NSJ Comeback of the Year 2019: UNC’s Brown, Surratt flip script with unlikely revivals

The retiree-turned-coach and quarterback-turned-linebacker led North Carolina football back to the postseason

Mack Brown and his UNC football team will have to wait until Oct. 3 to play their next game (Nell Redmond / AP Photo)

It turns out rational decision-making is vastly overrated.

Just over a year ago, the North Carolina Tar Heels’ athletics department lost its dang mind. Having dismissed Larry Fedora, UNC seemingly had a line on a hot in-state coach who wanted the job in Scott Satterfield. That’s 2019 ACC coach of the year Scott Satterfield, who would go on to take the Louisville job.

Instead of going with the trendy young coach, UNC took the opposite tack in a major way, bringing Mack Brown out of retirement.

It was a move that smacked of desperation — proof that the inmates were running the asylum and the process had been hijacked by former players and big-money boosters.

Chazz Surratt’s move to linebacker was questioned, but the former North Carolina quarterback responded with a season that earned him All-ACC honors. (John Amis / Atlanta Journal-Constitution via AP)

Meanwhile, on the field, another inexplicable decision had been made. Chazz Surratt, a promising mobile quarterback with a big arm who’d had trouble staying healthy in his first two seasons, decided to make a change — to linebacker.

Again, the move made no sense. If Surratt was injury-prone while trying to avoid contact, how would he be able to stay healthy initiating it? Even defensive coach Tommy Thigpen was unsure, questioning whether Surratt would be willing to “put his face into the fight.”

Surratt, it seemed, would spend his eligibility on the scout team—or injured list—earning his degree and moving on with his life, wondering what might have been.

Apparently, conventional wisdom hit the transfer portal, though, because a year later, both moves have succeeded beyond anyone’s most optimistic projections. That’s why Mack Brown and Chazz Surratt are the North State Journal’s co-Comebacks of the Year for 2019.

Brown’s transformation in Chapel Hill has been so complete that the dark ages of Fedora’s final season now seem more distant than Brown’s previous coaching stops. Despite not coaching since 2013, Brown stepped right in, leading a two-week recruiting push that brought in a strong class of freshmen, led by former Florida State commit Sam Howell. Howell quickly won the starting quarterback job for the Tar Heels and developed into a future Heisman candidate.

Brown then worked with boosters and administration to lead extensive renovations of Kenan Stadium, including new locker rooms, weight room, a player lounge and an artificial turf field.

The Tar Heels’ six wins in Mack Brown’s first year back in Chapel Hill were more than the combined five they had in Larry Fedora’s final two seasons at North Carolina. (Keith Srakocic / AP Photo)

Fans quickly jumped on board, selling out every home game for the 2019 season, and on the field, the Heels were better than expected and always exciting.
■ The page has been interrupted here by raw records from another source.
(* Work in $\mathrm{IKP}$. For any set $x$, if (1) every $\beta \in x$ satisfies $\beta \in \mathrm{PlOrd}$, and (2) for every $\gamma \in \mathrm{PlOrd}$, if $\gamma \subseteq \beta$ for some $\beta \in x$ then $\gamma \in x$, then $x \in \mathrm{PlOrd}$.
   Context: $\mathrm{IKP}$ is intuitionistic Kripke–Platek set theory (with strong infinity). An ordinal is a transitive set of transitive sets. For sets $\alpha,\gamma$, write $\mathrm{relpl}_\alpha(\gamma)$ for the formula $\forall \delta \in \gamma\ \forall \varepsilon \in \alpha\,(\varepsilon \subseteq \delta \rightarrow \varepsilon \in \gamma)$. $\mathrm{PlOrd}$ is the class of ordinals $\alpha$ such that for all $\beta \in \alpha$ and all $\gamma \subseteq \beta$ with $\mathrm{relpl}_\alpha(\gamma)$, we have $\gamma \in \alpha$ and $\forall \delta \in \alpha\,(\beta \in \delta \rightarrow \gamma \in \delta)$. Elements of $\mathrm{PlOrd}$ are called plump ordinals. *)

theory Defs
  imports Main
begin

section \<open>Deep embedding of first-order set-theoretic formulas (de Bruijn indices)\<close>

datatype fm =
    Mem nat nat        (* Mem i j : variable i is an element of variable j *)
  | Eq nat nat
  | Bot
  | Conj fm fm
  | Disj fm fm
  | Imp fm fm
  | All fm             (* binds de Bruijn index 0 *)
  | Ex fm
They opened the season with back-to-back fourth quarter comebacks to upset South Carolina and Miami. The Heels nearly knocked off Clemson, losing by one when Brown chose to go for a game-winning 2-point conversion instead of kicking to send it to overtime.

Carolina won its final two games to finish the regular season 6-6 and earn its first bowl bid since 2016.
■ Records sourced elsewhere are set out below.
(* Let $(G,\mathcal F_\bullet G,\mathfrak R)$ be a filtered Rota–Baxter group. Then $(\mathsf{gr}\,G,\mathsf{gr}\,\mathfrak R)$ is a graded Rota–Baxter Lie ring; that is, $\mathsf{gr}\,\mathfrak R$ is an additive map satisfying $[\mathsf{gr}\mathfrak R(a),\mathsf{gr}\mathfrak R(b)]=\mathsf{gr}\mathfrak R\big([\mathsf{gr}\mathfrak R(a),b]+[a,\mathsf{gr}\mathfrak R(b)]+[a,b]\big)$ for all $a,b\in\mathsf{gr}\,G$, and $\mathsf{gr}\mathfrak R(\mathsf{gr}_nG)\subset\mathsf{gr}_nG$ for all $n\ge1$.
   Context: For a group $G$, write $(x,y)=xyx^{-1}y^{-1}$, and for subgroups $H,K$ let $(H,K)$ be the subgroup generated by $(x,y)$, $x\in H$, $y\in K$. A filtered group $(G,\mathcal F_\bullet G)$ is a group with subgroups $G=\mathcal F_1G\supset\mathcal F_2G\supset\cdots$ such that $(\mathcal F_nG,\mathcal F_mG)\subset\mathcal F_{n+m}G$ for all $n,m\ge1$; then each $\mathcal F_nG$ is normal and $\mathsf{gr}_nG=\mathcal F_nG/\mathcal F_{n+1}G$ is an abelian group, written additively: $\bar x+\bar y=\overline{xy}$. Let $\mathsf{gr}\,G=\bigoplus_{n\ge1}\mathsf{gr}_nG$, with the biadditive bracket determined by $[\bar x,\bar y]=\overline{(x,y)}\in\mathsf{gr}_{n+m}G$ for $x\in\mathcal F_nG$, $y\in\mathcal F_mG$; this is a graded Lie ring. A Rota–Baxter group is a group with a map $\mathfrak R$ satisfying $\mathfrak R(g)\mathfrak R(h)=\mathfrak R(g\mathfrak R(g)h\mathfrak R(g)^{-1})$; a filtered Rota–Baxter group $(G,\mathcal F_\bullet G,\mathfrak R)$ is a filtered group with a Rota–Baxter operator satisfying $\mathfrak R(\mathcal F_nG)\subset\mathcal F_nG$ for all $n$. The maps $\mathfrak R_n:\mathsf{gr}_nG\to\mathsf{gr}_nG$, $\mathfrak R_n(\bar x)=\overline{\mathfrak R(x)}$, are well-defined group homomorphisms, and $\mathsf{gr}\,\mathfrak R:\mathsf{gr}\,G\to\mathsf{gr}\,G$ is defined by $\mathsf{gr}\mathfrak R(a_1+\cdots+a_k)=\mathfrak R_{i_1}(a_1)+\cdots+\mathfrak R_{i_k}(a_k)$ for $a_j\in\mathsf{gr}_{i_j}G$. *)

theory Defs
  imports "HOL-Algebra.Algebra"
begin

definition grp_comm :: "('a, 'b) monoid_scheme \<Rightarrow> 'a \<Rightarrow> 'a \<Rightarrow> 'a" where
  "grp_comm G x y = x \<otimes>\<^bsub>G\<^esub> y \<otimes>\<^bsub>G\<^esub> inv\<^bsub>G\<^esub> x \<otimes>\<^bsub>G\<^esub> inv\<^bsub>G\<^esub> y"

text \<open>Filtered group; the filtration is indexed by n \<ge> 1 (the value F 0 is irrelevant).\<close>
definition filtered_group :: "('a, 'b) monoid_scheme \<Rightarrow> (nat \<Rightarrow> 'a set) \<Rightarrow> bool" where
  "filtered_group G F \<longleftrightarrow> group G \<and> F 1 = carrier G \<and>
     (\<forall>n\<ge>1. subgroup (F n) G \<and> F (Suc n) \<subseteq> F n) \<and>
     (\<forall>n m. n \<ge> 1 \<longrightarrow> m \<ge> 1 \<longrightarrow>
        generate G {grp_comm G x y | x y. x \<in> F n \<and> y \<in> F m} \<subseteq> F (n + m))"

definition rota_baxter :: "('a, 'b) monoid_scheme \<Rightarrow> ('a \<Rightarrow> 'a) \<Rightarrow> bool" where
  "rota_baxter G R \<longleftrightarrow> R \<in> carrier G \<rightarrow> carrier G \<and>
     (\<forall>g\<in>carrier G. \<forall>h\<in>carrier G.
        R g \<otimes>\<^bsub>G\<^esub> R h = R (g \<otimes>\<^bsub>G\<^esub> R g \<otimes>\<^bsub>G\<^esub> h \<otimes>\<^bsub>G\<^esub> inv\<^bsub>G\<^esub> (R g)))"

definition filtered_rota_baxter ::
  "('a, 'b) monoid_scheme \<Rightarrow> (nat \<Rightarrow> 'a set) \<Rightarrow> ('a \<Rightarrow> 'a) \<Rightarrow> bool" where
  "filtered_rota_baxter G F R \<longleftrightarrow> filtered_group G F \<and> rota_baxter G R \<and>
     (\<forall>n\<ge>1. R ` F n \<subseteq> F n)"

definition gr_n :: "('a, 'b) monoid_scheme \<Rightarrow> (nat \<Rightarrow> 'a set) \<Rightarrow> nat \<Rightarrow> 'a set set" where
  "gr_n G F n = {F (Suc n) #>\<^bsub>G\<^esub> x | x. x \<in> F n}"

text \<open>gr G = direct sum of the gr_n G (n \<ge> 1): finitely supported families of cosets.
  The zero of degree n is the coset F (Suc n); the (unused) degree-0 slot is fixed to be F 1.\<close>
definition gr_zero :: "(nat \<Rightarrow> 'a set) \<Rightarrow> nat \<Rightarrow> 'a set" where
  "gr_zero F = (\<lambda>n. F (Suc n))"

definition gr :: "('a, 'b) monoid_scheme \<Rightarrow> (nat \<Rightarrow> 'a set) \<Rightarrow> (nat \<Rightarrow> 'a set) set" where
  "gr G F = {a. a 0 = F 1 \<and> (\<forall>n\<ge>1. a n \<in> gr_n G F n) \<and> finite {n. a n \<noteq> F (Suc n)}}"

text \<open>The homogeneous elements of degree n, i.e. the copy of gr_n G inside gr G.\<close>
definition gr_deg :: "('a, 'b) monoid_scheme \<Rightarrow> (nat \<Rightarrow> 'a set) \<Rightarrow> nat \<Rightarrow> (nat \<Rightarrow> 'a set) set" where
  "gr_deg G F n = {a \<in> gr G F. \<forall>k. k \<noteq> n \<longrightarrow> a k = F (Suc k)}"

definition gr_add :: "('a, 'b) monoid_scheme \<Rightarrow> (nat \<Rightarrow> 'a set) \<Rightarrow> (nat \<Rightarrow> 'a set) \<Rightarrow> nat \<Rightarrow> 'a set" where
  "gr_add G a b = (\<lambda>n. a n <#>\<^bsub>G\<^esub> b n)"

definition rep :: "'a set \<Rightarrow> 'a" where
  "rep C = (SOME x. x \<in> C)"

text \<open>Bracket: biadditive extension of [overline x, overline y] = overline{(x,y)};
  the degree-n component of [a,b] is the sum over i + j = n (i, j \<ge> 1) of [a_i, b_j].\<close>
definition gr_bracket :: "('a, 'b) monoid_scheme \<Rightarrow> (nat \<Rightarrow> 'a set) \<Rightarrow>
    (nat \<Rightarrow> 'a set) \<Rightarrow> (nat \<Rightarrow> 'a set) \<Rightarrow> nat \<Rightarrow> 'a set" where
  "gr_bracket G F a b = (\<lambda>n. F (Suc n) #>\<^bsub>G\<^esub>
      foldr (\<lambda>x y. x \<otimes>\<^bsub>G\<^esub> y)
        (map (\<lambda>i. grp_comm G (rep (a i)) (rep (b (n - i)))) [1..<n]) \<one>\<^bsub>G\<^esub>)"

definition gr_R :: "('a, 'b) monoid_scheme \<Rightarrow> (nat \<Rightarrow> 'a set) \<Rightarrow> ('a \<Rightarrow> 'a) \<Rightarrow>
    (nat \<Rightarrow> 'a set) \<Rightarrow> nat \<Rightarrow> 'a set" where
  "gr_R G F R a = (\<lambda>n. F (Suc n) #>\<^bsub>G\<^esub> R (rep (a n)))"

end

theory Submission
  imports Defs
begin

text \<open>Fix n \<ge> 1 and work in the quotient G / F (n + 1). Elements of F n are central there,
  and the Rota--Baxter identity makes R compatible with congruence modulo F (n + 1) and
  multiplicative modulo F (n + 1) on products x y with y \<in> F n; this gives additivity of gr R.
  For x \<in> F i and y \<in> F j, applying the Rota--Baxter identity to both R x R y and R y R x shows
  that c = (R x, R y) equals R (u c (inv v) (inv c)), where u = x (R x) y (inv (R x)) and
  v = y (R y) x (inv (R y)). Modulo F (i + j + 1) the central factor c cancels and u (inv v)
  becomes (R x, y) (x, R y) (x, y), which is the Rota--Baxter identity for the bracket of
  homogeneous elements; the general case follows by summing over components.\<close>

context group
begin

lemma inv_mult_cancel_left [simp]: "x \<in> carrier G \<Longrightarrow> y \<in> carrier G \<Longrightarrow> inv x \<otimes> (x \<otimes> y) = y"
  by (simp add: m_assoc [symmetric])

lemma mult_inv_cancel_left [simp]: "x \<in> carrier G \<Longrightarrow> y \<in> carrier G \<Longrightarrow> x \<otimes> (inv x \<otimes> y) = y"
  by (simp add: m_assoc [symmetric])

lemma grp_comm_closed [simp]:
  "x \<in> carrier G \<Longrightarrow> y \<in> carrier G \<Longrightarrow> grp_comm G x y \<in> carrier G"
  by (simp add: grp_comm_def)

lemma grp_comm_swap: "x \<in> carrier G \<Longrightarrow> y \<in> carrier G \<Longrightarrow> grp_comm G x y = inv (grp_comm G y x)"
  by (simp add: grp_comm_def inv_mult_group m_assoc)

lemma grp_comm_mult_left_commuting:
  assumes k: "k \<in> carrier G" and x: "x \<in> carrier G" and y: "y \<in> carrier G"
    and ky: "k \<otimes> y = y \<otimes> k" and kc: "k \<otimes> grp_comm G x y = grp_comm G x y \<otimes> k"
  shows "grp_comm G (k \<otimes> x) y = grp_comm G x y"
proof -
  let ?c = "grp_comm G x y"
  have conj: "x \<otimes> (y \<otimes> inv x) = ?c \<otimes> y" using x y by (simp add: grp_comm_def m_assoc)
  have "grp_comm G (k \<otimes> x) y = k \<otimes> (x \<otimes> (y \<otimes> inv x)) \<otimes> (inv k \<otimes> inv y)"
    using k x y by (simp add: grp_comm_def inv_mult_group m_assoc)
  also have "\<dots> = (k \<otimes> ?c) \<otimes> y \<otimes> (inv k \<otimes> inv y)" using k x y by (simp add: conj m_assoc)
  also have "\<dots> = ?c \<otimes> ((y \<otimes> k) \<otimes> (inv k \<otimes> inv y))" using k x y by (simp add: kc ky m_assoc)
  also have "\<dots> = ?c" using k x y by (simp add: m_assoc)
  finally show ?thesis .
qed

definition central :: "'a \<Rightarrow> bool" where
  "central z \<longleftrightarrow> z \<in> carrier G \<and> (\<forall>g\<in>carrier G. z \<otimes> g = g \<otimes> z)"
A big on-field reason for Brown and the Tar Heels’ success was the team’s new star at linebacker. Surratt made first-team All-ACC at linebacker, getting more votes than Miami’s Shaq Quarterman. He was UNC’s first first-team linebacker since 2012, leading the ACC in tackles, with 110 — dishing out more hits in one year than he absorbed in two at quarterback, when he was tackled 89 times. His six sacks were 11th in the league, and his 13.5 tackles for loss seventh.

Surratt’s accomplishments on defense are even more impressive considering his attention was pulled in a different direction for part of the season. With one backup quarterback — Cade Fortin — choosing to transfer right before the start of the season and another — Jace Ruder — out with an injury, the Tar Heels were down to walk-on freshman Vincent Amendola as the only quarterback behind Howell.

Brown joked that the team was so thin at quarterback, he discussed the possibility of moving Surratt back to his old position. A week later, Surratt was taking snaps under center.

“We just have him around for short-yardage and goal-line because he is big and he is strong and he can do those things, so if our guys get banged up then he can step in and do that,” Brown said.

He was never needed or, perhaps, was deemed too valuable on the other side of the ball that it wasn’t worth the injury risk.

It’s a script that Disney would have rejected as being unrealistic, but the old, retired coach and the brittle quarterback have helped lead the one-year turnaround in Chapel Hill.

“Last spring, we were selling hope,” Brown said.

This year, after seeing conventional wisdom turned on its head, people will be more likely to buy in.